Stored data entries
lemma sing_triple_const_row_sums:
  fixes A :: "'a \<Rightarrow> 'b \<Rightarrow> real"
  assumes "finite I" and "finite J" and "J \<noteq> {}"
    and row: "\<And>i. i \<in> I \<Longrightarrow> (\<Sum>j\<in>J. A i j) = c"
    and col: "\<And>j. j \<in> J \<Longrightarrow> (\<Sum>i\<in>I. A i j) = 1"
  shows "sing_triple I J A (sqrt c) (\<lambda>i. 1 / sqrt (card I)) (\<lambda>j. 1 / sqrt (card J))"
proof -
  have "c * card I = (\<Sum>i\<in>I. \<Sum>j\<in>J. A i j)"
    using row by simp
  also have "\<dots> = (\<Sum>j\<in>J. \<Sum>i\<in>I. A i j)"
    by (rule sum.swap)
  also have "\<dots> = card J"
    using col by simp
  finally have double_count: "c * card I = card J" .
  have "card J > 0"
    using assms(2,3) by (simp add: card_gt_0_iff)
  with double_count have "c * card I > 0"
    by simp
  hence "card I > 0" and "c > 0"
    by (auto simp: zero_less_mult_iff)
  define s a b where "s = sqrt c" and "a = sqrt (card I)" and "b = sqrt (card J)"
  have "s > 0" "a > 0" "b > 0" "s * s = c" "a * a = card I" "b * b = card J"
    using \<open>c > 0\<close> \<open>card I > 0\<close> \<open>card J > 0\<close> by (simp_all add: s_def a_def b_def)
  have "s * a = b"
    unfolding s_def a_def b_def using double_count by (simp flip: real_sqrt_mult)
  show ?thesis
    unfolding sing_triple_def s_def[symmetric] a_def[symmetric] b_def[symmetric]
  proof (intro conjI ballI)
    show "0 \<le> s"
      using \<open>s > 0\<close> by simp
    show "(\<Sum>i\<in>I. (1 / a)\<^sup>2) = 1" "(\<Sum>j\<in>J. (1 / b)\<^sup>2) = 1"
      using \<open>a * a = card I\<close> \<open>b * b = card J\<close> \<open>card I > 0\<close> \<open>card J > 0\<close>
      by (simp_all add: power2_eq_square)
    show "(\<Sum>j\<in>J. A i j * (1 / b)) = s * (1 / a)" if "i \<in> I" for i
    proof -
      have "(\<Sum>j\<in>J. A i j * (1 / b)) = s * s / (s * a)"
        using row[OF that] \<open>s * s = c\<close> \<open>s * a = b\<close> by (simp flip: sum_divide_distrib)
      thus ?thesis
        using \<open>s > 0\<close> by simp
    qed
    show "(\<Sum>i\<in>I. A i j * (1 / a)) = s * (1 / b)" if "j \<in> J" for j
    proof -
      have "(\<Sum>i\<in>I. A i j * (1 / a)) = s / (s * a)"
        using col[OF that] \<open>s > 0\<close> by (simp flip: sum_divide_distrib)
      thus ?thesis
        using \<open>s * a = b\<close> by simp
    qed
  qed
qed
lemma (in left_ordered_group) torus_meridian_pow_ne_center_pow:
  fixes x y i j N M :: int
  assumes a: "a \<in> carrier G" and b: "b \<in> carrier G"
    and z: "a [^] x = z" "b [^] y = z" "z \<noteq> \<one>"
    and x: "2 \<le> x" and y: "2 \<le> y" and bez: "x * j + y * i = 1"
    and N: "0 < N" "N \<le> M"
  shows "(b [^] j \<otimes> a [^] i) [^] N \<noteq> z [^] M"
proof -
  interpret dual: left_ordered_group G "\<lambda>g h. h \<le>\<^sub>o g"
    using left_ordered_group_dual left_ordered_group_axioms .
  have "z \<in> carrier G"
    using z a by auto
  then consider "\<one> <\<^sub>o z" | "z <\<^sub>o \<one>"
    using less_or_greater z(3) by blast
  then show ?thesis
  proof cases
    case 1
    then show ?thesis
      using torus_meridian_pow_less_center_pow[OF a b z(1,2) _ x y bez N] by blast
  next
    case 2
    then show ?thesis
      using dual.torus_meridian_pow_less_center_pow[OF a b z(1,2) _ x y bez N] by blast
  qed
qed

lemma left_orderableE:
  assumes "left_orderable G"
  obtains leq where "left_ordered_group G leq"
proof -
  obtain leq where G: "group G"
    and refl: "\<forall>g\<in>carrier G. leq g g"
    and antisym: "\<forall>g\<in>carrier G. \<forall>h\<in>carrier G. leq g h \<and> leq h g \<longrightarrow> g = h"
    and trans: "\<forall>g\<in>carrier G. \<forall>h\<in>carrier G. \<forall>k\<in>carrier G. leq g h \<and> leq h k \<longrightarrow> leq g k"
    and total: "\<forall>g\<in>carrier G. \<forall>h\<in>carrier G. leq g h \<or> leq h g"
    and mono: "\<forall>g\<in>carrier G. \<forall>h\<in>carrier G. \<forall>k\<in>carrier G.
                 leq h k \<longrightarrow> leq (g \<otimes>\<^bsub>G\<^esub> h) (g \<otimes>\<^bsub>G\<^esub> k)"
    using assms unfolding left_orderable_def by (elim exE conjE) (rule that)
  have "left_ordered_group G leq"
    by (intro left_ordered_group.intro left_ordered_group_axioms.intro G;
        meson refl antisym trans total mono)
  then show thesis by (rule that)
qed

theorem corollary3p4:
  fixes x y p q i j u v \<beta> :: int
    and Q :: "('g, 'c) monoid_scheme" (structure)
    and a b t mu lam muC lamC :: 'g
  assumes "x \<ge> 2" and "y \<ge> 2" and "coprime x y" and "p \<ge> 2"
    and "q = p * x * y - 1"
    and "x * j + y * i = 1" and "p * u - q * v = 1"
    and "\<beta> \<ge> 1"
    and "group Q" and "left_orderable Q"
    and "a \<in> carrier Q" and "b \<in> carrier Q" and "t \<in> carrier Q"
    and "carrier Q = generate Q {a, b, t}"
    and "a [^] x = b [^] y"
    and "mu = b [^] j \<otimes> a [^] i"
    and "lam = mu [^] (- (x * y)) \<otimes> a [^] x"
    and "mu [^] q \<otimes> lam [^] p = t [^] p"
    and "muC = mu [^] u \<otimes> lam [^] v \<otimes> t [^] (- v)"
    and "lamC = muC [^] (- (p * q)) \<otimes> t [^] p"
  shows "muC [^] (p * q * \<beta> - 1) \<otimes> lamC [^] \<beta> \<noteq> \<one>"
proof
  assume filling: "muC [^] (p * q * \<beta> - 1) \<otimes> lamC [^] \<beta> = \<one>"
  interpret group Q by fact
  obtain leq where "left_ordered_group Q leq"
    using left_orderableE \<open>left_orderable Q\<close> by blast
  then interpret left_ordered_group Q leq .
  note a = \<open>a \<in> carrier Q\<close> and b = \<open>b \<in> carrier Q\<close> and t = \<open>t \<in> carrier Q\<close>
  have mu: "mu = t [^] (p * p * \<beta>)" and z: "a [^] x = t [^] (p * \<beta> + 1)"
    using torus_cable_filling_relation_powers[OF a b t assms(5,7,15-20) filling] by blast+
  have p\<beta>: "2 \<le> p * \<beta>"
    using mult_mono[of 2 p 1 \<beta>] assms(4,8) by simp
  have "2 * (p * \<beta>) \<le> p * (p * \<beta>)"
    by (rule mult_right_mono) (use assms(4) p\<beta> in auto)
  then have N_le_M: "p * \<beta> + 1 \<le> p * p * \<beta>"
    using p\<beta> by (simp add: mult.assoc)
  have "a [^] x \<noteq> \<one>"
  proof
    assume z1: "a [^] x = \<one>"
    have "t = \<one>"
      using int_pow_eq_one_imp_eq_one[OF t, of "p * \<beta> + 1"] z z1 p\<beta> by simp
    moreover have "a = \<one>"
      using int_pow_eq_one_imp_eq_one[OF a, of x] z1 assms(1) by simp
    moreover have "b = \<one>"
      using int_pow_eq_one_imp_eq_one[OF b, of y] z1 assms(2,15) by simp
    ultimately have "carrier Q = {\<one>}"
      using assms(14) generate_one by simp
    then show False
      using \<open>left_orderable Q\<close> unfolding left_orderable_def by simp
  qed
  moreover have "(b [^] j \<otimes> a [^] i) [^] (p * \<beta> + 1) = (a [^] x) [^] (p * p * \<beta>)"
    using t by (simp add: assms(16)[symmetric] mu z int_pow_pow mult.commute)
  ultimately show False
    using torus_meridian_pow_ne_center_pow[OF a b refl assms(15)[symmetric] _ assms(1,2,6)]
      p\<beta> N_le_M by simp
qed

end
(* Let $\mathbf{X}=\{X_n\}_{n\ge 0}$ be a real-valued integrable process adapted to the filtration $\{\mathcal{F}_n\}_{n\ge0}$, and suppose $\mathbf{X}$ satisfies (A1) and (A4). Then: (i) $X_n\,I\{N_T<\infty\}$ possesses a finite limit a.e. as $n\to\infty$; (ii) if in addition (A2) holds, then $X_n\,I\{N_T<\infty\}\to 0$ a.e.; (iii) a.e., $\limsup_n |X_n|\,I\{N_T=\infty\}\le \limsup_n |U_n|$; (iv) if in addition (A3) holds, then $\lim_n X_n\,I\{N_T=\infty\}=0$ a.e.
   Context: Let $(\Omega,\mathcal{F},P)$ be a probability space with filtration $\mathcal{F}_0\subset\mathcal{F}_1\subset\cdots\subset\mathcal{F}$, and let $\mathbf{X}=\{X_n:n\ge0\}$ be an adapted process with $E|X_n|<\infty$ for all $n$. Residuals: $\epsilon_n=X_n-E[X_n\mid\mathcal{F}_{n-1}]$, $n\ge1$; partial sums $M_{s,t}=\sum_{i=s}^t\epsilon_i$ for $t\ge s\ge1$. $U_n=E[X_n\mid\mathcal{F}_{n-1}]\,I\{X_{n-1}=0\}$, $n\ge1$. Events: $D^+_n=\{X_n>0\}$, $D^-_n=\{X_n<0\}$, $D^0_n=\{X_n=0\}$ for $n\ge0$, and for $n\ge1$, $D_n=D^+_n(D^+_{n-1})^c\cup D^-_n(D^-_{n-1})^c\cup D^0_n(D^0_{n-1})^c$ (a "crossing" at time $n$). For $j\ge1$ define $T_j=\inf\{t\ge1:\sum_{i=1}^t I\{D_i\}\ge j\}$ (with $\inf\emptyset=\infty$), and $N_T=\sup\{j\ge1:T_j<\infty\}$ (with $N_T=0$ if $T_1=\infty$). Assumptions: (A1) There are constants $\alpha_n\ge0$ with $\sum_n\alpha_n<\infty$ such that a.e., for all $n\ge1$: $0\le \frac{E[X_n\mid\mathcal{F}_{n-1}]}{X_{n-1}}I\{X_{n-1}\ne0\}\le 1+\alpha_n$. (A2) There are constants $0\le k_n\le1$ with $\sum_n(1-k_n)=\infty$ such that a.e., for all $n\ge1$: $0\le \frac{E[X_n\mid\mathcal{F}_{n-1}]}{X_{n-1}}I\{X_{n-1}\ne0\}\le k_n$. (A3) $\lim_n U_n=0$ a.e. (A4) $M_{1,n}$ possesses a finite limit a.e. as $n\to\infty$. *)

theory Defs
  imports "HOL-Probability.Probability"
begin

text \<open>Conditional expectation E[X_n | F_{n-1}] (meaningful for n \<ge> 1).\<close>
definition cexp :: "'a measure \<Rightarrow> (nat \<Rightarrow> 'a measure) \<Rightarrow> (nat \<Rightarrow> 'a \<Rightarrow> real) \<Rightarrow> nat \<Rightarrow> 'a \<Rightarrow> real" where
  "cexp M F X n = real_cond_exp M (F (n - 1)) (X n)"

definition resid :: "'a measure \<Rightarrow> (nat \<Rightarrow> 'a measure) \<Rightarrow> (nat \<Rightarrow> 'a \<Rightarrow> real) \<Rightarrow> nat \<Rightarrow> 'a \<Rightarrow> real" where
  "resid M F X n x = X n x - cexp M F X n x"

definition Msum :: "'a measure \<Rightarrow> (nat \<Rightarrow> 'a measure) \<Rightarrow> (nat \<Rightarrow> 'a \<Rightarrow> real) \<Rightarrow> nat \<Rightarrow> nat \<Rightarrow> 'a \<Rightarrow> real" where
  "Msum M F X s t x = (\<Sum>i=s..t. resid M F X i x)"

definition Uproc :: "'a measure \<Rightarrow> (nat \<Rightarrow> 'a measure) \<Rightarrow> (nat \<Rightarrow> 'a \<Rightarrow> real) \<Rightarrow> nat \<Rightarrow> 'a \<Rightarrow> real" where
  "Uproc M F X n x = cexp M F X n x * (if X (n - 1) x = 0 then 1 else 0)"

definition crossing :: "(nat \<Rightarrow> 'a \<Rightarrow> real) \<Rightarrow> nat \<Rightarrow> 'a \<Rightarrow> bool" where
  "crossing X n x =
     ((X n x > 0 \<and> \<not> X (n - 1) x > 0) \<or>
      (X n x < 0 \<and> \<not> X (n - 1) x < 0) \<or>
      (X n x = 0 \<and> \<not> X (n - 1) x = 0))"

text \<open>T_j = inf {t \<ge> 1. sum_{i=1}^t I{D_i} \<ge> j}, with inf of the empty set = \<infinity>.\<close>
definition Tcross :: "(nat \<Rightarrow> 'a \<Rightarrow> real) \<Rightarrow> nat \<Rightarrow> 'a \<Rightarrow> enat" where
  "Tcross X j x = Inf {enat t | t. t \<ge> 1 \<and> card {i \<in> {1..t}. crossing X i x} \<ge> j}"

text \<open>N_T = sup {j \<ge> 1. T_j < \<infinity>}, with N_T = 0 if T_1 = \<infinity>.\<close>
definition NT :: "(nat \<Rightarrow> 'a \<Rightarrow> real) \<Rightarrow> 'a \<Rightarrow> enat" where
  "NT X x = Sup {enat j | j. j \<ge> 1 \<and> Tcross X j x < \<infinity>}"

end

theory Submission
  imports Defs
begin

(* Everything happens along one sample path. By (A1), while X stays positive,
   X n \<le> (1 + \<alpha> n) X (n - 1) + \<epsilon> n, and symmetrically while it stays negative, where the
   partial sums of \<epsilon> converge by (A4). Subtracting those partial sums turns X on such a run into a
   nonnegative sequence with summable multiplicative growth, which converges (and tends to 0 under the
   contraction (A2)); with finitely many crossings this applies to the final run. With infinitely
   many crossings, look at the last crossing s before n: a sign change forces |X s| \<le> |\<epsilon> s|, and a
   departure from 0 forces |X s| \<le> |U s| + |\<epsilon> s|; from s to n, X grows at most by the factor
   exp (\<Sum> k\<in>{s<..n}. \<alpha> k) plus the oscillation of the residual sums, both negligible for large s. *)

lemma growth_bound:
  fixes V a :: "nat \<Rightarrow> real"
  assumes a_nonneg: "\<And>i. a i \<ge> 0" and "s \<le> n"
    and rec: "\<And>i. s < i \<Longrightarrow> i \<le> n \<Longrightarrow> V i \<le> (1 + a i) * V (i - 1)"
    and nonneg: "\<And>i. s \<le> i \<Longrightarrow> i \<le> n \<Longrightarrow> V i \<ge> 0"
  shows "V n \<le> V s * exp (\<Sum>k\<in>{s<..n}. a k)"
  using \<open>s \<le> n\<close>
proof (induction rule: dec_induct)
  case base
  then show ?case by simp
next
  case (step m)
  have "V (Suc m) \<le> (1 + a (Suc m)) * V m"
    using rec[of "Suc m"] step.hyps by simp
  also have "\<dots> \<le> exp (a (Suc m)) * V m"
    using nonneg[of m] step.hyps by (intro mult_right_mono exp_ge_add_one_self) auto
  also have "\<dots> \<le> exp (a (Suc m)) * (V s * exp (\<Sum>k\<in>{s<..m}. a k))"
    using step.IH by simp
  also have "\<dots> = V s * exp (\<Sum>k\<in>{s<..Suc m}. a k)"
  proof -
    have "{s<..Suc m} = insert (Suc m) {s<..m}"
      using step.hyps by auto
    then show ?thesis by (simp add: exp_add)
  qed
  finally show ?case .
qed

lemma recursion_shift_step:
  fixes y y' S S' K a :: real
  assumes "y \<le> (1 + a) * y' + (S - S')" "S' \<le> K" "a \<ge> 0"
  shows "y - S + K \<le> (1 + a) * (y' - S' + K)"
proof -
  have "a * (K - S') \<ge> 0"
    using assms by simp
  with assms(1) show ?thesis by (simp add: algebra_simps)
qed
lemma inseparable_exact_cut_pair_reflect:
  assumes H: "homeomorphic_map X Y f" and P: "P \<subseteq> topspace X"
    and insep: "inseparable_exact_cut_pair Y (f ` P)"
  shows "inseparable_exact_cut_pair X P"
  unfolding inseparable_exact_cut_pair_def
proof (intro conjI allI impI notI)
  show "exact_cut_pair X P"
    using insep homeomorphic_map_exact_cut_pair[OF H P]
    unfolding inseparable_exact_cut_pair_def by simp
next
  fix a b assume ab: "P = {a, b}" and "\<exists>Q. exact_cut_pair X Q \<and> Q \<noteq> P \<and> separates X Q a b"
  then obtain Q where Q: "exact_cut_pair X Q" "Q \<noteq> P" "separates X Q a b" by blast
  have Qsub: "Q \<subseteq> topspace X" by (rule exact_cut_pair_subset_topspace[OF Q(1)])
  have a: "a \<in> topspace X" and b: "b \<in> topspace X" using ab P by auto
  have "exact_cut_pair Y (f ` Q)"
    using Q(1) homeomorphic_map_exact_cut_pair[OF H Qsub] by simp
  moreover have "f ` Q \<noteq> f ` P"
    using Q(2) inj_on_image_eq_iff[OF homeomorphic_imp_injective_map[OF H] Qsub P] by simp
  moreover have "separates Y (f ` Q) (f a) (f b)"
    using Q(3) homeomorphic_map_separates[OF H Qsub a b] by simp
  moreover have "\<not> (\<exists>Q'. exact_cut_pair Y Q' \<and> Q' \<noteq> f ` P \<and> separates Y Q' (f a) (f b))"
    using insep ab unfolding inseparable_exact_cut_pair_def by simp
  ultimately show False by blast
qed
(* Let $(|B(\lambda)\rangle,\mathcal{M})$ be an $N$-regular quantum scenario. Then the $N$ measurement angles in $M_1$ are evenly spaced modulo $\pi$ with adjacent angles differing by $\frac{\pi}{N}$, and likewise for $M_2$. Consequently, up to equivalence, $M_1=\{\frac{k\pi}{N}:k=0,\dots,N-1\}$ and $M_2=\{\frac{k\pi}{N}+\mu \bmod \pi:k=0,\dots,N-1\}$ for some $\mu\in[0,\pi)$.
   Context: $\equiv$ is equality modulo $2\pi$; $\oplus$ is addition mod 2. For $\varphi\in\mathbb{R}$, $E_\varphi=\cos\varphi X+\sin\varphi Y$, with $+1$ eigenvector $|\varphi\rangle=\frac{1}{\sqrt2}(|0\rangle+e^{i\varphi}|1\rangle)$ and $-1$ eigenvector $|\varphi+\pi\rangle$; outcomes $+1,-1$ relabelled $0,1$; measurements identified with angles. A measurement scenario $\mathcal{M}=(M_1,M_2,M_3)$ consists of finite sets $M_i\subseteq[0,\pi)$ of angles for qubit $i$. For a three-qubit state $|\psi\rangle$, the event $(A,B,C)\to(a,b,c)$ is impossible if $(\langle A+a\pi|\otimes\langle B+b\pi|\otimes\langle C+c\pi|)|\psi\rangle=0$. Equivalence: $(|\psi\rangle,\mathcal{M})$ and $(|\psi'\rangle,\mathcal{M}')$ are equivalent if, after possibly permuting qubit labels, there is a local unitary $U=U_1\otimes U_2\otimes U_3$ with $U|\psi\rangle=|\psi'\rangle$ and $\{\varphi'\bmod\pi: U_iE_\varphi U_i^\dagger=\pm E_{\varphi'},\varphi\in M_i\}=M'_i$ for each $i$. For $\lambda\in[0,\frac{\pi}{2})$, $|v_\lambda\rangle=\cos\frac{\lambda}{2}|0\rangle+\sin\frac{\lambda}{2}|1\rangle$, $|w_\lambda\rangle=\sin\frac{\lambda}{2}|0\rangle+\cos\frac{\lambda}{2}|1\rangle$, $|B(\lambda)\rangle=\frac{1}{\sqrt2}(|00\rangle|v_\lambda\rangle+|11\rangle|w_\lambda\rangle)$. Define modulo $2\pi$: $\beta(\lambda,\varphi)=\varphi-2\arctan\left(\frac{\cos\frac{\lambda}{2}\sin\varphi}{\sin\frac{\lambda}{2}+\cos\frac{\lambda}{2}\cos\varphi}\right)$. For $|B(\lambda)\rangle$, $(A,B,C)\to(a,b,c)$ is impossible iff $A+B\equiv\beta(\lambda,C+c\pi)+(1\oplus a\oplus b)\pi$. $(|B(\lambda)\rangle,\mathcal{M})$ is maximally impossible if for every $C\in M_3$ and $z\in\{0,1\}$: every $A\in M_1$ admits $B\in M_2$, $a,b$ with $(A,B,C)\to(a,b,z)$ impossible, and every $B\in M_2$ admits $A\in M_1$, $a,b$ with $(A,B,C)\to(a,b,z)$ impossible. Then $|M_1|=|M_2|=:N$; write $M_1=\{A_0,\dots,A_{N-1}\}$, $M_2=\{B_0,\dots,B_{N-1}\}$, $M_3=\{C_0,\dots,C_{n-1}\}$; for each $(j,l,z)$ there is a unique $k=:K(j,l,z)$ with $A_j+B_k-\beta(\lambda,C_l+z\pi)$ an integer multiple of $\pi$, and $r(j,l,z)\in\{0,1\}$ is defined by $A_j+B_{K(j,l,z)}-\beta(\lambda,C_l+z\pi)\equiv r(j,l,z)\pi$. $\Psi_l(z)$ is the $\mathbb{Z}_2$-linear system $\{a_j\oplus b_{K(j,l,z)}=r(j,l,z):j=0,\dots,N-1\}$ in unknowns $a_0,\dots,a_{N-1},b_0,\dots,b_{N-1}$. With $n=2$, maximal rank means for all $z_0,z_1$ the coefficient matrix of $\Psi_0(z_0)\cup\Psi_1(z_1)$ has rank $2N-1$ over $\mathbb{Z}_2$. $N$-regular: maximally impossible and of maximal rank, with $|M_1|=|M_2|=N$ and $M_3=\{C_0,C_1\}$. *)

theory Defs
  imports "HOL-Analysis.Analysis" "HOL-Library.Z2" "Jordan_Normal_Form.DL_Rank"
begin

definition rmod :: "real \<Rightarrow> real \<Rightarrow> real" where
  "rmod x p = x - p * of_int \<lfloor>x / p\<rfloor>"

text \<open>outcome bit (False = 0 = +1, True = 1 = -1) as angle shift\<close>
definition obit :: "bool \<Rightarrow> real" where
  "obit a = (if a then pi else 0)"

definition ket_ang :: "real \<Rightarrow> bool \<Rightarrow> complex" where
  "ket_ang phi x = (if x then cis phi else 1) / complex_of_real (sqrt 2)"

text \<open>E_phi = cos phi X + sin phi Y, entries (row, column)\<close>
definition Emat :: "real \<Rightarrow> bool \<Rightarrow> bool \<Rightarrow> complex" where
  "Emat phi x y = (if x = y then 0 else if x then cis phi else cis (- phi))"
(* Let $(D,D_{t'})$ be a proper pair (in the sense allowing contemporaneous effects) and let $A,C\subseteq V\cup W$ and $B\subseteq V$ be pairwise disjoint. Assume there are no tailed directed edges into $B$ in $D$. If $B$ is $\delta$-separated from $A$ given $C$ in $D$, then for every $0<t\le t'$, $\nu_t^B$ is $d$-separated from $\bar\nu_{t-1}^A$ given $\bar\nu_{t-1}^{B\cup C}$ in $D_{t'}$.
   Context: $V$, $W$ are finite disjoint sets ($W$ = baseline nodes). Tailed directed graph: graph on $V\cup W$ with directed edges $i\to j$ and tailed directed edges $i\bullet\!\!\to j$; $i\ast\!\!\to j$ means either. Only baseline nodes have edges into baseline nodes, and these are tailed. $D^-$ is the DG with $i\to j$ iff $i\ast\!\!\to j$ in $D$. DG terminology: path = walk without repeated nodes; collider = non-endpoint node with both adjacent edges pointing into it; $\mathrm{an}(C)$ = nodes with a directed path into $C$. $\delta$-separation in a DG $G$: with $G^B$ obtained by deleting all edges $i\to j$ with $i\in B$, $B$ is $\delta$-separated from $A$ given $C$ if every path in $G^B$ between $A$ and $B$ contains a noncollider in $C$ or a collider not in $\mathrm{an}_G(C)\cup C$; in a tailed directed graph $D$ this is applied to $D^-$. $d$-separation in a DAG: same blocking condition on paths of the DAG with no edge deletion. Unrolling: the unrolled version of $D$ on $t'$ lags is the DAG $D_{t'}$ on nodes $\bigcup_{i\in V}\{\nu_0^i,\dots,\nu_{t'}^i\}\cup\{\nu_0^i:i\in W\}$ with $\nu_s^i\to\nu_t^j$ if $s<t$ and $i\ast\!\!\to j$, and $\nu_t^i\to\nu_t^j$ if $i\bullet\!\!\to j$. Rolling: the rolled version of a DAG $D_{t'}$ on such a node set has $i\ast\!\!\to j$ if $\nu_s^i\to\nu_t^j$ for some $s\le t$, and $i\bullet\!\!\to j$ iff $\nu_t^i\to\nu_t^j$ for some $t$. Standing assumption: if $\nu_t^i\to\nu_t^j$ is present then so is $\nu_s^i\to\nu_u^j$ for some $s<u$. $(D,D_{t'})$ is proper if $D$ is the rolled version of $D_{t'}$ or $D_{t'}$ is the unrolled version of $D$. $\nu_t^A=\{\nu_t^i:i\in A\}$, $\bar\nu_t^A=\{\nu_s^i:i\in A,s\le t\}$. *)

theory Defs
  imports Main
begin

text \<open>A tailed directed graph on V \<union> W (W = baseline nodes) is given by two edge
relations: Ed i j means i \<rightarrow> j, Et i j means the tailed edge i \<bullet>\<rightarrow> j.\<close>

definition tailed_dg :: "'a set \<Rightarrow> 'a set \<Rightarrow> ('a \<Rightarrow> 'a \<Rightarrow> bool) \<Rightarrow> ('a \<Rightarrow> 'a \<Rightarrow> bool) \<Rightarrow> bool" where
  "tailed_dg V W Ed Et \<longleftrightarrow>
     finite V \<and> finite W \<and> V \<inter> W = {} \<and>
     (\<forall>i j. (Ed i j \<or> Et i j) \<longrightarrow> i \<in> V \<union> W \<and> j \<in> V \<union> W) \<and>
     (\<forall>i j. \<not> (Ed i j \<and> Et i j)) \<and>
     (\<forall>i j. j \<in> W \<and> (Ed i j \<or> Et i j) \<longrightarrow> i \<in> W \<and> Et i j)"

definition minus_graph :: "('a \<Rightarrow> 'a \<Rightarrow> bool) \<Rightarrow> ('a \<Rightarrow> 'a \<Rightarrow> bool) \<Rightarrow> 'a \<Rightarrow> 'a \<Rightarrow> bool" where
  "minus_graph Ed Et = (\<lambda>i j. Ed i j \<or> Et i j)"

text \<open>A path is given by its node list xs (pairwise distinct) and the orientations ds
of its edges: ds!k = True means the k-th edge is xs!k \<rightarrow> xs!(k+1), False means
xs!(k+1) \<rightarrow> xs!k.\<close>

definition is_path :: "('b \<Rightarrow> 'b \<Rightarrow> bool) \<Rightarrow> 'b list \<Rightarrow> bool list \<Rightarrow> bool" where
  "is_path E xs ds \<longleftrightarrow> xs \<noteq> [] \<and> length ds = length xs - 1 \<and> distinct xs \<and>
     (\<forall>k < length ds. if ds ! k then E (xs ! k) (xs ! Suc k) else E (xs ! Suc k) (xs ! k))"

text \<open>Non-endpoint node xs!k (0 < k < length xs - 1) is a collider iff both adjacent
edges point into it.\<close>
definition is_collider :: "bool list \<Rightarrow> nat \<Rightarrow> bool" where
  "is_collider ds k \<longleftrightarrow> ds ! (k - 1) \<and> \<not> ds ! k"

» Work request
Find every line in the records that contains the word "antisym"; copy those lines.

» Answer to this exercise
    and antisym: "\<forall>g\<in>carrier G. \<forall>h\<in>carrier G. leq g h \<and> leq h g \<longrightarrow> g = h"
        meson refl antisym trans total mono)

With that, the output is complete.